Stored data entries
(* For all integers $M\ge1$, $N\ge1$, with the convention $P(M',N')=0$ when $N'<0$: $$P(M,N)=\begin{cases}P(M,N-1)+q^{N}P(M-1,N), & M\text{ even},\\ P(M,N-1)+q^{N}P(M-1,N)+q^{M+N}P(M+1,N-2), & M\text{ odd}.\end{cases}$$
   Context: Paths: a path of length $L$ is a word in $\{U,D\}$ identified with the lattice path from $(0,0)$ with steps $U=(1,1)$, $D=(1,-1)$; $\lambda(x)$ is its height at $x$. Boxes: for integers $a,b$, $a+b$ odd, the box centered at $(a,b)$ is the closed square with vertices $(a\pm1,b),(a,b\pm1)$. For a path $\lambda$ of length $L$, $S(\lambda)$ = boxes centered at $(a,b)$ with $1\le a\le L$, $b-1\ge\lambda(a)$, $b+1\le a$; boxes with $a=L$ are anchor boxes; for a path $\mu$ weakly above $\lambda$, $\lambda/\mu=S(\lambda)\setminus S(\mu)$. A ballot tile of length $(2n,n')$ is a set of $2n+n'+1$ boxes with centers $c_0,\dots,c_{2n+n'}$ left to right, $c_{i+1}-c_i\in\{(1,\pm1)\}$, none lower than $c_0$, last $n'$ higher than $c_0$. A cover-inclusive ballot tiling of $\lambda/\mu$ is a partition into ballot tiles such that every tile with $n'\ge1$ has its rightmost box an anchor box, and for each tile $\tau$, $\tau-(0,2)$ either lies entirely below $\lambda$ (each translated box has top vertex at or below $\lambda$) or is contained in a single tile. Type BI: no tiles with $n'$ even $\ge2$, and for each $(n,n')$ with $n'$ odd the number of tiles of length $(2n,n')$ is even. A tile with $n'=0$ has $\mathrm{area}=2n+1$, $\mathrm{tiles}=1$; with $n'\ge1$, $\mathrm{area}=2n+n'+1$, $\mathrm{tiles}=0$; $\mathrm{art}=\frac12\sum_\tau(\mathrm{area}+\mathrm{tiles})$. $P(M,N)=\sum q^{\mathrm{art}}$ over all cover-inclusive type BI ballot tilings of $\lambda_{M,N}/\mu$, over all paths $\mu$ weakly above $\lambda_{M,N}=D^NU^M$. *)

theory Defs
  imports "HOL-Computational_Algebra.Polynomial" "HOL-Library.Disjoint_Sets"
begin

(* A path is a list of steps; True = U = (1,1), False = D = (1,-1). *)
type_synonym path = "bool list"

(* A box is identified with its center (a,b), a+b odd. *)
type_synonym box = "int \<times> int"

definition height :: "path \<Rightarrow> nat \<Rightarrow> int" where
  "height p x = sum_list (map (\<lambda>s. if s then 1 else -1) (take x p))"

definition Sreg :: "path \<Rightarrow> box set" where
  "Sreg p = {(a,b). odd (a + b) \<and> 1 \<le> a \<and> a \<le> int (length p)
                 \<and> b - 1 \<ge> height p (nat a) \<and> b + 1 \<le> a}"

definition skew :: "path \<Rightarrow> path \<Rightarrow> box set" where
  "skew lam mu = Sreg lam - Sreg mu"

definition weakly_above :: "path \<Rightarrow> path \<Rightarrow> bool" where
  "weakly_above mu lam \<longleftrightarrow> length mu = length lam \<and>
     (\<forall>x \<le> length lam. height lam x \<le> height mu x)"

definition ballot_tile :: "box set \<Rightarrow> nat \<Rightarrow> nat \<Rightarrow> bool" where
  "ballot_tile tau n n' \<longleftrightarrow>
     (\<exists>c :: nat \<Rightarrow> box.
        tau = c ` {0..2*n+n'} \<and> card tau = 2*n+n'+1 \<and>
        (\<forall>i < 2*n+n'. fst (c (Suc i)) = fst (c i) + 1 \<and> \<bar>snd (c (Suc i)) - snd (c i)\<bar> = 1) \<and>
        (\<forall>i \<le> 2*n+n'. snd (c i) \<ge> snd (c 0)) \<and>
        snd (c (2*n)) = snd (c 0) \<and>
        (\<forall>i. 2*n < i \<and> i \<le> 2*n+n' \<longrightarrow> snd (c i) > snd (c 0)))"

definition tile_len :: "box set \<Rightarrow> nat \<times> nat" where
  "tile_len tau = (THE nn. ballot_tile tau (fst nn) (snd nn))"

definition tile_area :: "box set \<Rightarrow> nat" where
  "tile_area tau = 2 * fst (tile_len tau) + snd (tile_len tau) + 1"

definition tile_tiles :: "box set \<Rightarrow> nat" where
  "tile_tiles tau = (if snd (tile_len tau) = 0 then 1 else 0)"

(* art = 1/2 sum (area + tiles); integral for type BI tilings *)
definition art :: "box set set \<Rightarrow> nat" where
  "art T = (\<Sum>tau\<in>T. tile_area tau + tile_tiles tau) div 2"

definition shift_down :: "box set \<Rightarrow> box set" where
  "shift_down tau = (\<lambda>(a,b). (a, b - 2)) ` tau"

definition cover_inclusive_tiling :: "path \<Rightarrow> path \<Rightarrow> box set set \<Rightarrow> bool" where
  "cover_inclusive_tiling lam mu T \<longleftrightarrow>
     partition_on (skew lam mu) T \<and>
     (\<forall>tau\<in>T. \<exists>n n'. ballot_tile tau n n') \<and>
     (\<forall>tau\<in>T. snd (tile_len tau) \<ge> 1 \<longrightarrow>
        (\<forall>c\<in>tau. (\<forall>c'\<in>tau. fst c' \<le> fst c) \<longrightarrow> fst c = int (length lam))) \<and>
     (\<forall>tau\<in>T. (\<forall>(a,b)\<in>shift_down tau. b + 1 \<le> height lam (nat a))
               \<or> (\<exists>tau'\<in>T. shift_down tau \<subseteq> tau'))"

definition typeBI :: "box set set \<Rightarrow> bool" where
  "typeBI T \<longleftrightarrow>
     (\<forall>tau\<in>T. \<not> (even (snd (tile_len tau)) \<and> snd (tile_len tau) \<ge> 2)) \<and>
     (\<forall>n n'. odd n' \<longrightarrow> even (card {tau\<in>T. tile_len tau = (n, n')}))"

definition lamMN :: "nat \<Rightarrow> nat \<Rightarrow> path" where
  "lamMN M N = replicate N False @ replicate M True"

definition PMN :: "nat \<Rightarrow> nat \<Rightarrow> int poly" where
  "PMN M N = (\<Sum>(mu, T) \<in> {(mu, T). weakly_above mu (lamMN M N) \<and>
                 cover_inclusive_tiling (lamMN M N) mu T \<and> typeBI T}.
               monom 1 (art T))"

end

theory Submission
  imports Defs
begin

text \<open>
  Split the pairs \<open>(\<mu>, T)\<close> for \<open>\<lambda> = D^N U^M\<close> by the first step of \<open>\<mu>\<close>. If it is \<open>D\<close>,
  deleting the first column is a bijection onto the pairs for \<open>D^(N-1) U^M\<close>. If it is \<open>U\<close>,
  cover-inclusiveness forces every box resting on the initial descent of \<open>\<lambda>\<close> left of the
  valley to be a single tile, and the box \<open>v\<close> resting in the valley lies either in a single
  tile or in the straight tile \<open>A\<close> of length \<open>(0, M)\<close> rising from \<open>v\<close> to the anchor column.
  In the first case removing the \<open>N\<close> single boxes leaves the translate by \<open>(1, 1)\<close> of a pair
  for \<open>D^N U^(M-1)\<close>, and the removed tiles contribute \<open>q^N\<close>. In the second case the type BI
  conditions force \<open>M\<close> odd and a second tile of length \<open>(0, M)\<close>, which cover-inclusiveness
  pins down as \<open>A + (0, 2)\<close>; removing it, \<open>A\<close> and the \<open>N - 1\<close> single boxes leaves the
  translate of a pair for \<open>D^(N-2) U^(M+1)\<close>, and the removed tiles contribute \<open>q^(M+N)\<close>.
\<close>

section \<open>Heights of paths\<close>

lemma height_0 [simp]: "height p 0 = 0"
  by (simp add: height_def)

lemma height_Nil [simp]: "height [] x = 0"
  by (simp add: height_def)

lemma height_Cons_Suc [simp]: "height (s # p) (Suc x) = (if s then 1 else -1) + height p x"
  by (simp add: height_def)

lemma height_Cons_nat:
  "1 \<le> a \<Longrightarrow> height (s # p) (nat a) = (if s then 1 else -1) + height p (nat (a - 1))"
proof -
  assume "1 \<le> a"
  then have "nat a = Suc (nat (a - 1))" by simp
  then show ?thesis by simp
qed

lemma height_le: "height p x \<le> int x"
proof (induction p arbitrary: x)
  case (Cons s p)
  then show ?case by (cases x) (auto, smt (verit) Cons.IH)
qed simp

lemma height_ge: "- int x \<le> height p x"
proof (induction p arbitrary: x)
  case (Cons s p)
  show ?case
  proof (cases x)
    case (Suc y) then show ?thesis using Cons.IH[of y] by auto
  qed simp
qed simp

lemma even_height_add: "x \<le> length p \<Longrightarrow> even (height p x + int x)"
proof (induction p arbitrary: x)
  case (Cons s p)
  show ?case
  proof (cases x)
    case (Suc y)
    with Cons have "even (height p y + int y)" by simp
    then show ?thesis using Suc by (auto simp: algebra_simps)
  qed simp
qed simp

lemma height_replicate_False_append:
  "height (replicate N False @ q) x = (if x \<le> N then - int x else - int N + height q (x - N))"
proof (induction N arbitrary: x)
  case (Suc N)
  then show ?case by (cases x) auto
qed simp

lemma height_replicate_True: "height (replicate M True) x = int (min x M)"
proof (induction M arbitrary: x)
  case (Suc M)
  then show ?case by (cases x) auto
qed simp

lemma length_lamMN [simp]: "length (lamMN M N) = M + N"
  by (simp add: lamMN_def)

lemma lamMN_Suc: "lamMN M (Suc N) = False # lamMN M N"
  by (simp add: lamMN_def)

lemma height_lamMN:
  "x \<le> M + N \<Longrightarrow> height (lamMN M N) x = (if x \<le> N then - int x else int x - 2 * int N)"
  by (auto simp: lamMN_def height_replicate_False_append height_replicate_True)

definition lam_height :: "nat \<Rightarrow> int \<Rightarrow> int" where
  "lam_height N a = (if a \<le> int N then - a else a - 2 * int N)"

lemma height_lamMN_eq_lam_height:
  "0 \<le> a \<Longrightarrow> a \<le> int (M + N) \<Longrightarrow> height (lamMN M N) (nat a) = lam_height N a"
proof -
  assume a: "0 \<le> a" "a \<le> int (M + N)"
  then have "(nat a \<le> N) = (a \<le> int N)" by linarith
  then show ?thesis using height_lamMN[of "nat a" M N] a by (simp add: lam_height_def)
qed

section \<open>Ballot tiles as height profiles\<close>

definition tile_at :: "int \<Rightarrow> (nat \<Rightarrow> int) \<Rightarrow> nat \<Rightarrow> box set" where
  "tile_at a0 f k = (\<lambda>i. (a0 + int i, f i)) ` {0..k}"

definition ballot_profile :: "(nat \<Rightarrow> int) \<Rightarrow> nat \<Rightarrow> nat \<Rightarrow> bool" where
  "ballot_profile f n n' \<longleftrightarrow> (\<forall>i < 2*n+n'. \<bar>f (Suc i) - f i\<bar> = 1) \<and> (\<forall>i \<le> 2*n+n'. f 0 \<le> f i)
     \<and> f (2*n) = f 0 \<and> (\<forall>i. 2*n < i \<and> i \<le> 2*n+n' \<longrightarrow> f 0 < f i)"

lemma mem_tile_at: "(x, y) \<in> tile_at a0 f k \<longleftrightarrow> a0 \<le> x \<and> x \<le> a0 + int k \<and> y = f (nat (x - a0))"
  unfolding tile_at_def
proof
  assume "(x, y) \<in> (\<lambda>i. (a0 + int i, f i)) ` {0..k}"
  then show "a0 \<le> x \<and> x \<le> a0 + int k \<and> y = f (nat (x - a0))" by auto
next
  assume h: "a0 \<le> x \<and> x \<le> a0 + int k \<and> y = f (nat (x - a0))"
  then have "(x, y) = (a0 + int (nat (x - a0)), f (nat (x - a0)))" "nat (x - a0) \<in> {0..k}" by auto
  then show "(x, y) \<in> (\<lambda>i. (a0 + int i, f i)) ` {0..k}" by blast
qed

lemma mem_tile_at': "p \<in> tile_at a0 f k \<longleftrightarrow> a0 \<le> fst p \<and> fst p \<le> a0 + int k \<and> snd p = f (nat (fst p - a0))"
  using mem_tile_at[of "fst p" "snd p"] by simp

lemma tile_at_memI: "i \<le> k \<Longrightarrow> (a0 + int i, f i) \<in> tile_at a0 f k"
  by (simp add: tile_at_def)

lemma tile_at_ne[simp]: "tile_at a0 f k \<noteq> {}"
  by (simp add: tile_at_def)

lemma finite_tile_at[simp]: "finite (tile_at a0 f k)"
  by (simp add: tile_at_def)

lemma card_tile_at: "card (tile_at a0 f k) = Suc k"
proof -
  have "inj_on (\<lambda>i. (a0 + int i, f i)) {0..k}" by (auto simp: inj_on_def)
  then show ?thesis unfolding tile_at_def by (simp add: card_image)
qed

lemma ballot_tile_iff:
  "ballot_tile tau n n' \<longleftrightarrow> (\<exists>a0 f. tau = tile_at a0 f (2*n+n') \<and> ballot_profile f n n')"
proof
  assume "ballot_tile tau n n'"
  then obtain c where c: "tau = c ` {0..2*n+n'}" "card tau = 2*n+n'+1"
    "\<forall>i < 2*n+n'. fst (c (Suc i)) = fst (c i) + 1 \<and> \<bar>snd (c (Suc i)) - snd (c i)\<bar> = 1"
    "\<forall>i \<le> 2*n+n'. snd (c i) \<ge> snd (c 0)" "snd (c (2*n)) = snd (c 0)"
    "\<forall>i. 2*n < i \<and> i \<le> 2*n+n' \<longrightarrow> snd (c i) > snd (c 0)"
    unfolding ballot_tile_def by blast
  have fc: "i \<le> 2*n+n' \<Longrightarrow> fst (c i) = fst (c 0) + int i" for i
  proof (induction i)
    case 0 then show ?case by simp
  next
    case (Suc i)
    then have "i < 2*n+n'" by simp
    then have "fst (c (Suc i)) = fst (c i) + 1" using c(3) by blast
    then show ?case using Suc by simp
  qed
  have "tau = tile_at (fst (c 0)) (\<lambda>i. snd (c i)) (2*n+n')"
    unfolding c(1) tile_at_def
  proof (rule image_cong)
    fix i assume "i \<in> {0..2*n+n'}"
    then show "c i = (fst (c 0) + int i, snd (c i))" using fc[of i] by (simp add: prod_eq_iff)
  qed simp
  moreover have "ballot_profile (\<lambda>i. snd (c i)) n n'" unfolding ballot_profile_def using c(3-6) by blast
  ultimately show "\<exists>a0 f. tau = tile_at a0 f (2*n+n') \<and> ballot_profile f n n'" by blast
next
  assume "\<exists>a0 f. tau = tile_at a0 f (2*n+n') \<and> ballot_profile f n n'"
  then obtain a0 f where t: "tau = tile_at a0 f (2*n+n')" and b: "ballot_profile f n n'" by blast
  show "ballot_tile tau n n'" unfolding ballot_tile_def
  proof (rule exI[of _ "\<lambda>i. (a0 + int i, f i)"], intro conjI)
    show "tau = (\<lambda>i. (a0 + int i, f i)) ` {0..2 * n + n'}" using t by (simp add: tile_at_def)
    show "card tau = 2 * n + n' + 1" using t card_tile_at[of a0 f "2*n+n'"] by simp
  qed (use b in \<open>unfold ballot_profile_def, auto\<close>)
qed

## ACTION ITEM
Set down, from the entries above, exactly the lines from the one with "(\<forall>n n'. odd" up to and including the one with "theory Submission", and no other lines.

## TASK OUTPUT
     (\<forall>n n'. odd n' \<longrightarrow> even (card {tau\<in>T. tile_len tau = (n, n')}))"

definition lamMN :: "nat \<Rightarrow> nat \<Rightarrow> path" where
  "lamMN M N = replicate N False @ replicate M True"

definition PMN :: "nat \<Rightarrow> nat \<Rightarrow> int poly" where
  "PMN M N = (\<Sum>(mu, T) \<in> {(mu, T). weakly_above mu (lamMN M N) \<and>
                 cover_inclusive_tiling (lamMN M N) mu T \<and> typeBI T}.
               monom 1 (art T))"

end

theory Submission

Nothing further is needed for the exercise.